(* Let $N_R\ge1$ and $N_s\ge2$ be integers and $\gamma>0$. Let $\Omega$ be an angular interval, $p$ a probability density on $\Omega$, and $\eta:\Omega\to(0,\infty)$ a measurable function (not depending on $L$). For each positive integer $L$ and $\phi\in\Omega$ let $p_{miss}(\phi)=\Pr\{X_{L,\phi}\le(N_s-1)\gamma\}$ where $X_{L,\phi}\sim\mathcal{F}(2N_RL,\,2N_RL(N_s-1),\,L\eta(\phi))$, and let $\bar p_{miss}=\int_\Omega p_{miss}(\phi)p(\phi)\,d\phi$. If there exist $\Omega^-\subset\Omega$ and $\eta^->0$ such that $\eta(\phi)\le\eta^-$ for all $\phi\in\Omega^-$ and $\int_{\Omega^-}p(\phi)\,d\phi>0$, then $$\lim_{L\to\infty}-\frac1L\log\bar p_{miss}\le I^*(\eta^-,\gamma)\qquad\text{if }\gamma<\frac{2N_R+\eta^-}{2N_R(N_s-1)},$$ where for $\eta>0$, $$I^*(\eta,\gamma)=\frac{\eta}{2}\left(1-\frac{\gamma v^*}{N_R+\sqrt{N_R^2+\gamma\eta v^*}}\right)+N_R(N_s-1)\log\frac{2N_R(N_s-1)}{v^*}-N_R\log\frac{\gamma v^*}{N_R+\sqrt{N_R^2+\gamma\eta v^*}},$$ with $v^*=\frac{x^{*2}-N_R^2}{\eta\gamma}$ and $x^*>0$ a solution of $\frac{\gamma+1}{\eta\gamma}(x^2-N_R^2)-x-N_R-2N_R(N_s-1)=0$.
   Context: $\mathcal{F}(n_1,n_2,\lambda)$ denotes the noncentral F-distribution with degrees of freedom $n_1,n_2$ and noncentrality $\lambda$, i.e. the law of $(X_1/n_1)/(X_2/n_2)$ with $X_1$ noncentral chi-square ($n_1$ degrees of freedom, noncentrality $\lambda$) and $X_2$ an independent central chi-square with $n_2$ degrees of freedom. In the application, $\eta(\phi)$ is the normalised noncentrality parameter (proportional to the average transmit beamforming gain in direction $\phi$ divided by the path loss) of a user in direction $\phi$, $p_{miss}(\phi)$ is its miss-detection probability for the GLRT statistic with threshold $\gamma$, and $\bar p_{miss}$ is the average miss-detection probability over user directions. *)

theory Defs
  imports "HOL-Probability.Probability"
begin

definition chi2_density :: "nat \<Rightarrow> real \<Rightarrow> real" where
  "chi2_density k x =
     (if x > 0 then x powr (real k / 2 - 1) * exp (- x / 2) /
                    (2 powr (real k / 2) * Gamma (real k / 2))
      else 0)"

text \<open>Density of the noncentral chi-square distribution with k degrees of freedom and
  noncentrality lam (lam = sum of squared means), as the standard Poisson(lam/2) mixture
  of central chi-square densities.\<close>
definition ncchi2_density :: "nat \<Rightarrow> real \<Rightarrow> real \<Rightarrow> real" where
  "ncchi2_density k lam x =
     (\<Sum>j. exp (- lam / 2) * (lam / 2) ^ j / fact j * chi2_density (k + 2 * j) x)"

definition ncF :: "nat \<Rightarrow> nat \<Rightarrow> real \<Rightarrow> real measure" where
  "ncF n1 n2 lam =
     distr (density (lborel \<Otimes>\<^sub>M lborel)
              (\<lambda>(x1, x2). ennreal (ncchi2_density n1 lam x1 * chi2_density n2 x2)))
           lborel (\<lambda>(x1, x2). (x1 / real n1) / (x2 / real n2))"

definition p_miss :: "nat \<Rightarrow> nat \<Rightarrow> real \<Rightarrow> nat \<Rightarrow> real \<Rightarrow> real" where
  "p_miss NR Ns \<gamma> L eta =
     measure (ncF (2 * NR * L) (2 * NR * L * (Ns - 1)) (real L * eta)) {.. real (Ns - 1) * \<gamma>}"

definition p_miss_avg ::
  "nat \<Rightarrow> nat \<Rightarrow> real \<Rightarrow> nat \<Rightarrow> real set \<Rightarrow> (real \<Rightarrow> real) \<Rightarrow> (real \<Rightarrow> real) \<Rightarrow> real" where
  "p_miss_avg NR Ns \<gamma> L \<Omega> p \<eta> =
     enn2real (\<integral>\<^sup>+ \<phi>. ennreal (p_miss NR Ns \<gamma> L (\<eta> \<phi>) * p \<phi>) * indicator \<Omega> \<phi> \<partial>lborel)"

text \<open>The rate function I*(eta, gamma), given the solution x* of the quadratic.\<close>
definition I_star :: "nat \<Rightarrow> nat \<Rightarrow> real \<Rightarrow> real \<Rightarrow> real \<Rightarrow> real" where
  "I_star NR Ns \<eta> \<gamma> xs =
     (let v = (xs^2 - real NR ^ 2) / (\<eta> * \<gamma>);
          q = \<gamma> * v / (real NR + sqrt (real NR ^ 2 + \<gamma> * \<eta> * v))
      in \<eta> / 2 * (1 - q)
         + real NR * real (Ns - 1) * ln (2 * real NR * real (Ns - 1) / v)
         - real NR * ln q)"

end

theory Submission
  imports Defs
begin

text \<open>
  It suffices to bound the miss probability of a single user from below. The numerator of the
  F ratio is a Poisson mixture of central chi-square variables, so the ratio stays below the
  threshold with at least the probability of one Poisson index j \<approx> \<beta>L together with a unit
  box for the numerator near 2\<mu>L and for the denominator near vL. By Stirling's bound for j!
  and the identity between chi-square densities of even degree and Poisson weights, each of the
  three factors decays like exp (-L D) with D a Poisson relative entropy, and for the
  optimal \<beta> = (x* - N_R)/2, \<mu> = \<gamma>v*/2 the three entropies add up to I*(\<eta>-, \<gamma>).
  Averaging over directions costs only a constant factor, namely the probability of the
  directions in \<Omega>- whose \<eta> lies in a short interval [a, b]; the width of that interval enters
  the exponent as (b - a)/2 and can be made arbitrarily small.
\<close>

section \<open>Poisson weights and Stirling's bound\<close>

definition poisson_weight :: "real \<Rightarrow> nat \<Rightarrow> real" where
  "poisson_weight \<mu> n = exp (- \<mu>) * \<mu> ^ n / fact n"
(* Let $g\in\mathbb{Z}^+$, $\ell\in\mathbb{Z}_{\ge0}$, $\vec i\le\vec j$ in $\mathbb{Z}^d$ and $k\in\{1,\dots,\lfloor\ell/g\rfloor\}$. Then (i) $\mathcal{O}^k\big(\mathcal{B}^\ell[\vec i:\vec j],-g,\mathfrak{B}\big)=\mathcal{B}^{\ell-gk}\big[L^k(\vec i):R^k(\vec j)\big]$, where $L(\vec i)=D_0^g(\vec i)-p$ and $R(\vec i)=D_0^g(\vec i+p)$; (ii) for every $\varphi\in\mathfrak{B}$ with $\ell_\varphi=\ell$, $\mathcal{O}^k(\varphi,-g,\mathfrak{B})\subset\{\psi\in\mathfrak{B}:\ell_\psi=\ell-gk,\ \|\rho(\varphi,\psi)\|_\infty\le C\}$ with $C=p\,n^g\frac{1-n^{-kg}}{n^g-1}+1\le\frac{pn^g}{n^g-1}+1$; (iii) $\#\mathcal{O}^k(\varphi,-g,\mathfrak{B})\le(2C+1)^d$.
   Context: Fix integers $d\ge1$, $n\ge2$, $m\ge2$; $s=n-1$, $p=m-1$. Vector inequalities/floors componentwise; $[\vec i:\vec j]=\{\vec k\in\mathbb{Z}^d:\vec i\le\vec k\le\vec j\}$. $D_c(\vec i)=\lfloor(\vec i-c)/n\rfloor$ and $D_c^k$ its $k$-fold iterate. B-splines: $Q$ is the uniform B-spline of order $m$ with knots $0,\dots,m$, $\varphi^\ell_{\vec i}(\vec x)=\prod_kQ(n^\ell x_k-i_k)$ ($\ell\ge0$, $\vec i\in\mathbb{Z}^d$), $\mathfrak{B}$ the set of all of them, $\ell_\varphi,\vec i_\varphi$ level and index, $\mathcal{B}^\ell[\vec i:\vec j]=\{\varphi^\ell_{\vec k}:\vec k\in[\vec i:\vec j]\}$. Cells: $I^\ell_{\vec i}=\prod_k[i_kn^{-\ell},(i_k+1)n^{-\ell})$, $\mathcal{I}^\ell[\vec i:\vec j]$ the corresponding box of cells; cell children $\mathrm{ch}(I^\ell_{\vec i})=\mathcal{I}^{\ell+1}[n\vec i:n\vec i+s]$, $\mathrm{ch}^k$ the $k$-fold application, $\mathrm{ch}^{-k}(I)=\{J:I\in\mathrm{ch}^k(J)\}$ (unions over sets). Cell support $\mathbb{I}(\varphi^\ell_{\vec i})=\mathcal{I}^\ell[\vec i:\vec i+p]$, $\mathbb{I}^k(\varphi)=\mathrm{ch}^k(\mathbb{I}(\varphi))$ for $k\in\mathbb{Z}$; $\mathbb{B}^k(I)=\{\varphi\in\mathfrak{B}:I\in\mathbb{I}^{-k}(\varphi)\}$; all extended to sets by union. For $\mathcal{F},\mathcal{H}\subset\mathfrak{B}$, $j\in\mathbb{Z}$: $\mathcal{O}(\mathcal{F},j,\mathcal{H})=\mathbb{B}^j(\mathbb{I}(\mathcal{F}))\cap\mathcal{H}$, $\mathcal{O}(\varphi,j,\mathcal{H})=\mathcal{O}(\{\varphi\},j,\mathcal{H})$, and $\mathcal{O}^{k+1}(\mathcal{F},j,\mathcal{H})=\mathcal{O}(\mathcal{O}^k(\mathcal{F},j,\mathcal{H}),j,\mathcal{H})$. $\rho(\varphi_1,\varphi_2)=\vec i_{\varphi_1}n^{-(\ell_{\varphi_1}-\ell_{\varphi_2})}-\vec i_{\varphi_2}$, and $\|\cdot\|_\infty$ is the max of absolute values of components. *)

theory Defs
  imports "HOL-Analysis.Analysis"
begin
__________
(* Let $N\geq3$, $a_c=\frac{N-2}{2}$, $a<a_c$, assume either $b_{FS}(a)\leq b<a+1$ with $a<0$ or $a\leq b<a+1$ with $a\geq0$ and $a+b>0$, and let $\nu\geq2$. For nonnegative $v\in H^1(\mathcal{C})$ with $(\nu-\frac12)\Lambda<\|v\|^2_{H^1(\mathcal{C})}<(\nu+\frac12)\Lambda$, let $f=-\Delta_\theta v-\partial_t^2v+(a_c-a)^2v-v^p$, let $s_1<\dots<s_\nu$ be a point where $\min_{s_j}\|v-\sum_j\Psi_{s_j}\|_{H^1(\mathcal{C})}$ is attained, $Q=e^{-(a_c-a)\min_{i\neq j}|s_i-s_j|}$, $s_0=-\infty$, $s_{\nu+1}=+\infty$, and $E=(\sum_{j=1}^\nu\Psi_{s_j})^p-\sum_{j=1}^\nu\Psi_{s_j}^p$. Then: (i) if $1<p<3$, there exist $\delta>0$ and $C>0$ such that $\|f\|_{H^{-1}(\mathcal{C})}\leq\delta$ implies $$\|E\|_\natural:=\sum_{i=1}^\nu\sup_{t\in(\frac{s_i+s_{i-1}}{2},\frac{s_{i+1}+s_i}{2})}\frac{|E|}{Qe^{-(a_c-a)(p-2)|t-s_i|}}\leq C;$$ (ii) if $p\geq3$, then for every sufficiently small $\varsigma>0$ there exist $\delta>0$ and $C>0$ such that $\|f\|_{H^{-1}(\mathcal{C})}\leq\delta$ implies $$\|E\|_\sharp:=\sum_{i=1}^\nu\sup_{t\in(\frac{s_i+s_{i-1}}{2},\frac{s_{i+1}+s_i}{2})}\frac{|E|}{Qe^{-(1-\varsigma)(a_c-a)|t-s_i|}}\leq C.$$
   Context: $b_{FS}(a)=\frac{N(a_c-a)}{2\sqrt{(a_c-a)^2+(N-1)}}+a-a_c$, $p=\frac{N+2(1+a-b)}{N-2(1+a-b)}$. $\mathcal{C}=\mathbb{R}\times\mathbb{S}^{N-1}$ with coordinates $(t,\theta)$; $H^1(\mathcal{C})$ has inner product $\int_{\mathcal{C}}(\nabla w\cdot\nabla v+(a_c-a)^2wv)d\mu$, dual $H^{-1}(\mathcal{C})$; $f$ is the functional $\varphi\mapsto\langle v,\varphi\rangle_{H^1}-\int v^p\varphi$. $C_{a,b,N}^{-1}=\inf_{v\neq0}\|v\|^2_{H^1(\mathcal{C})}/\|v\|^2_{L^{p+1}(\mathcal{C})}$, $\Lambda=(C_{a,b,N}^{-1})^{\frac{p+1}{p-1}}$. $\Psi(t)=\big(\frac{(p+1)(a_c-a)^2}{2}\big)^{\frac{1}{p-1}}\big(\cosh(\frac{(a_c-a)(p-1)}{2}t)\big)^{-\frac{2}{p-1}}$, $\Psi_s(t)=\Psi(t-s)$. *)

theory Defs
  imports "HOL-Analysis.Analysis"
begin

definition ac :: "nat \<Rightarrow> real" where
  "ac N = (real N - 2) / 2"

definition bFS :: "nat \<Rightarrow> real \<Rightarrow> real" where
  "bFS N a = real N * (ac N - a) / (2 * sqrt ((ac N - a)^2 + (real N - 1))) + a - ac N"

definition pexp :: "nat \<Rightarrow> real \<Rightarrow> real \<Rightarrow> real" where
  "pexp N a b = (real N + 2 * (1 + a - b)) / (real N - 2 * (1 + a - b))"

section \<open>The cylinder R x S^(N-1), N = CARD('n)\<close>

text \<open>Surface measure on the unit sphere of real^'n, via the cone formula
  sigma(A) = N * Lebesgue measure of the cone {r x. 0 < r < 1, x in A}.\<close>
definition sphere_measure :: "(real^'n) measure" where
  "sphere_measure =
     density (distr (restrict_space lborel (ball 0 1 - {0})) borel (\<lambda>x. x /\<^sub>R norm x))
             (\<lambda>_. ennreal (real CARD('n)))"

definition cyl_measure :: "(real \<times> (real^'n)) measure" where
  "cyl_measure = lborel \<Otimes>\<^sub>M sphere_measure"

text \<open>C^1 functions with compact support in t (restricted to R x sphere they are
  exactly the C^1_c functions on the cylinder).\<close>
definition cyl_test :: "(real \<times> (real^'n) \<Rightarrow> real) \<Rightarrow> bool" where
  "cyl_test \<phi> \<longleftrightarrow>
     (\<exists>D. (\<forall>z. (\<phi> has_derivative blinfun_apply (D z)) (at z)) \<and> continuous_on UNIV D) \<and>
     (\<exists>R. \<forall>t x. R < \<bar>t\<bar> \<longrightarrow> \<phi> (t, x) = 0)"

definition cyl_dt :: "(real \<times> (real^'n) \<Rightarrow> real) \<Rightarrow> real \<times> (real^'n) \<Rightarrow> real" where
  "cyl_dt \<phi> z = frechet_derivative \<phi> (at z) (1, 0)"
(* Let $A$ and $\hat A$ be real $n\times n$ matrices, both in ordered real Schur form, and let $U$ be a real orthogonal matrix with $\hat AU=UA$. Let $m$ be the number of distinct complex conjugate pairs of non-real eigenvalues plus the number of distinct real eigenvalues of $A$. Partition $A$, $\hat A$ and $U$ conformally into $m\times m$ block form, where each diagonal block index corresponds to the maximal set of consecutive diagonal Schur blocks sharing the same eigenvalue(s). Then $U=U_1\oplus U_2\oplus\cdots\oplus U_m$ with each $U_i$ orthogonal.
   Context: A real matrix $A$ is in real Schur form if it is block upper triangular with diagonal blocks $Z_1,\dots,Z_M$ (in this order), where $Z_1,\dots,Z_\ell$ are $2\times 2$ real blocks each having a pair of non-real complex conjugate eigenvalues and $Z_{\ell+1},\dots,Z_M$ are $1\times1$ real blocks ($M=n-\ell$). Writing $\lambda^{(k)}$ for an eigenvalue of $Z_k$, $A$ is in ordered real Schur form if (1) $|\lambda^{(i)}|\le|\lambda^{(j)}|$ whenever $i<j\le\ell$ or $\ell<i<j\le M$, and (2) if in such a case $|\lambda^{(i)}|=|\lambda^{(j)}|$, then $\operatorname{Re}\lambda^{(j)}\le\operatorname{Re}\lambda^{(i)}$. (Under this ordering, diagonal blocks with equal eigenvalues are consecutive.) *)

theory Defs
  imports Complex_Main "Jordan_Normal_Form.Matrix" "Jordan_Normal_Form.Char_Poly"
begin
__________
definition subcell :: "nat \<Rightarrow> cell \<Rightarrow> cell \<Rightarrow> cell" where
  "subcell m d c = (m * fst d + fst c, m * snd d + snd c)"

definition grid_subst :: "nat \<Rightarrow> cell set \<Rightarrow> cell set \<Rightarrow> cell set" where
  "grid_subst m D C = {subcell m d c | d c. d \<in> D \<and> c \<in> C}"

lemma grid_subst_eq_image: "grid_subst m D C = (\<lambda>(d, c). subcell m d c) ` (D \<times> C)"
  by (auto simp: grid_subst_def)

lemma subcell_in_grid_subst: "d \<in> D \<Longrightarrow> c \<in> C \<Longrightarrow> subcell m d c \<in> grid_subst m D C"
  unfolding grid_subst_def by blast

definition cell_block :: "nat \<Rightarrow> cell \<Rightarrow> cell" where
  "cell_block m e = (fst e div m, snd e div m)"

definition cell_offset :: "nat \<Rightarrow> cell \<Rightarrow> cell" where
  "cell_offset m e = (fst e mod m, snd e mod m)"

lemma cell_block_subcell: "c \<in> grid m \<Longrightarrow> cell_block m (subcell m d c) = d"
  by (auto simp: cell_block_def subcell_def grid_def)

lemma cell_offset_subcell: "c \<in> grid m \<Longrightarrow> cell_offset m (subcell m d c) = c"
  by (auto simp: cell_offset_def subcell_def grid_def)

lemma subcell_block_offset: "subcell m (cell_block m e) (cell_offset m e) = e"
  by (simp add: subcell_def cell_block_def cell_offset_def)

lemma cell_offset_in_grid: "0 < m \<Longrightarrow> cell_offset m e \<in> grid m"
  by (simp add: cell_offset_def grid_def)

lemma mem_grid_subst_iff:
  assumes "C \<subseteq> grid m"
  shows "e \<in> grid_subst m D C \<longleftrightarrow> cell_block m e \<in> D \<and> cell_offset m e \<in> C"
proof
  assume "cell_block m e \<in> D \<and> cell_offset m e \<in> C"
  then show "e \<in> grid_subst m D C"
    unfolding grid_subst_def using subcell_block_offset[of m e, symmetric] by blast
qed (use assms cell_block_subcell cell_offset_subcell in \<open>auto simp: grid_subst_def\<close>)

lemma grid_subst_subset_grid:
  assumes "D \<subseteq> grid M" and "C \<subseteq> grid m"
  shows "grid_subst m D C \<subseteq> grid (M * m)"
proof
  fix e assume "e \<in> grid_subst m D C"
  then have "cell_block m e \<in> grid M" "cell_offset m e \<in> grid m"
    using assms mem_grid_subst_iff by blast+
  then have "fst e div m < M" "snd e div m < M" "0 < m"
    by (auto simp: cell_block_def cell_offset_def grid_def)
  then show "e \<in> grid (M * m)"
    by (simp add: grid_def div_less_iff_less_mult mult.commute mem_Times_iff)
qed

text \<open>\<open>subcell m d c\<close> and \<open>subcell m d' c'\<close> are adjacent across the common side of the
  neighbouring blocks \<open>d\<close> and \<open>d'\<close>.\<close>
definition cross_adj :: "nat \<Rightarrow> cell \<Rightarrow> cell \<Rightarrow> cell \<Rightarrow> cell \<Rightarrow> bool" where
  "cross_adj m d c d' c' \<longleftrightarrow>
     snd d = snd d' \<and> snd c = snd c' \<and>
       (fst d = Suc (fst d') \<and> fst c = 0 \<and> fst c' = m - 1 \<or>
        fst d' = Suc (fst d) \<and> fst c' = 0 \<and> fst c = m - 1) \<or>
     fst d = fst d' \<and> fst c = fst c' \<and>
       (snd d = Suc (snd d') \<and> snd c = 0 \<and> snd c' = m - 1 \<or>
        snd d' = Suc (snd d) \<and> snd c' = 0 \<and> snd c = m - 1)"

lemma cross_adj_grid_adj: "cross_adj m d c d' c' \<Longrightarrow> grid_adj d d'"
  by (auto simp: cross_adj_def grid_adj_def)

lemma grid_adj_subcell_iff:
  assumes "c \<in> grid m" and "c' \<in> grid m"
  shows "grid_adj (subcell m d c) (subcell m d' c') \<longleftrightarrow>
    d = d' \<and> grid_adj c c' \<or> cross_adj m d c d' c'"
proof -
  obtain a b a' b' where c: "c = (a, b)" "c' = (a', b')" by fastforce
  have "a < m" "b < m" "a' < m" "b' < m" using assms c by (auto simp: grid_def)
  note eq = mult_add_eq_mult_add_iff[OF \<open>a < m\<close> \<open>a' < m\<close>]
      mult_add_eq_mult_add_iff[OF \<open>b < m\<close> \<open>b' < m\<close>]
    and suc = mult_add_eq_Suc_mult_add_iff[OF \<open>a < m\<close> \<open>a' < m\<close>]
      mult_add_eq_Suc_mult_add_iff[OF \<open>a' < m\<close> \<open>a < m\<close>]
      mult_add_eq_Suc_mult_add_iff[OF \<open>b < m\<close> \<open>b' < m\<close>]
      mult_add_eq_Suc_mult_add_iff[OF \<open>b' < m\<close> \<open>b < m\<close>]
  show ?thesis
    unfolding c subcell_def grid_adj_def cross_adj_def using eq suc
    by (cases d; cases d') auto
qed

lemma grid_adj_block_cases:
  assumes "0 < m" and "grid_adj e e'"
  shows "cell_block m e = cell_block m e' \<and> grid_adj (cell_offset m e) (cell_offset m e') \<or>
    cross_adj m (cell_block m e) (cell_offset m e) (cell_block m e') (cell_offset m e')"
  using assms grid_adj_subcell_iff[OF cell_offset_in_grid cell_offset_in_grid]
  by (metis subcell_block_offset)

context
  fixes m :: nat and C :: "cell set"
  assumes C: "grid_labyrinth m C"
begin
__________
◆ TASK INSTRUCTIONS
From the entries above, restate word for word the lines from the line containing "m \<Longrightarrow> cell_block" to the line containing "fix e assume", both ends included, and nothing more.

◆ ANSWER BOX
lemma cell_block_subcell: "c \<in> grid m \<Longrightarrow> cell_block m (subcell m d c) = d"
  by (auto simp: cell_block_def subcell_def grid_def)

lemma cell_offset_subcell: "c \<in> grid m \<Longrightarrow> cell_offset m (subcell m d c) = c"
  by (auto simp: cell_offset_def subcell_def grid_def)

lemma subcell_block_offset: "subcell m (cell_block m e) (cell_offset m e) = e"
  by (simp add: subcell_def cell_block_def cell_offset_def)

lemma cell_offset_in_grid: "0 < m \<Longrightarrow> cell_offset m e \<in> grid m"
  by (simp add: cell_offset_def grid_def)

lemma mem_grid_subst_iff:
  assumes "C \<subseteq> grid m"
  shows "e \<in> grid_subst m D C \<longleftrightarrow> cell_block m e \<in> D \<and> cell_offset m e \<in> C"
proof
  assume "cell_block m e \<in> D \<and> cell_offset m e \<in> C"
  then show "e \<in> grid_subst m D C"
    unfolding grid_subst_def using subcell_block_offset[of m e, symmetric] by blast
qed (use assms cell_block_subcell cell_offset_subcell in \<open>auto simp: grid_subst_def\<close>)

lemma grid_subst_subset_grid:
  assumes "D \<subseteq> grid M" and "C \<subseteq> grid m"
  shows "grid_subst m D C \<subseteq> grid (M * m)"
proof
  fix e assume "e \<in> grid_subst m D C"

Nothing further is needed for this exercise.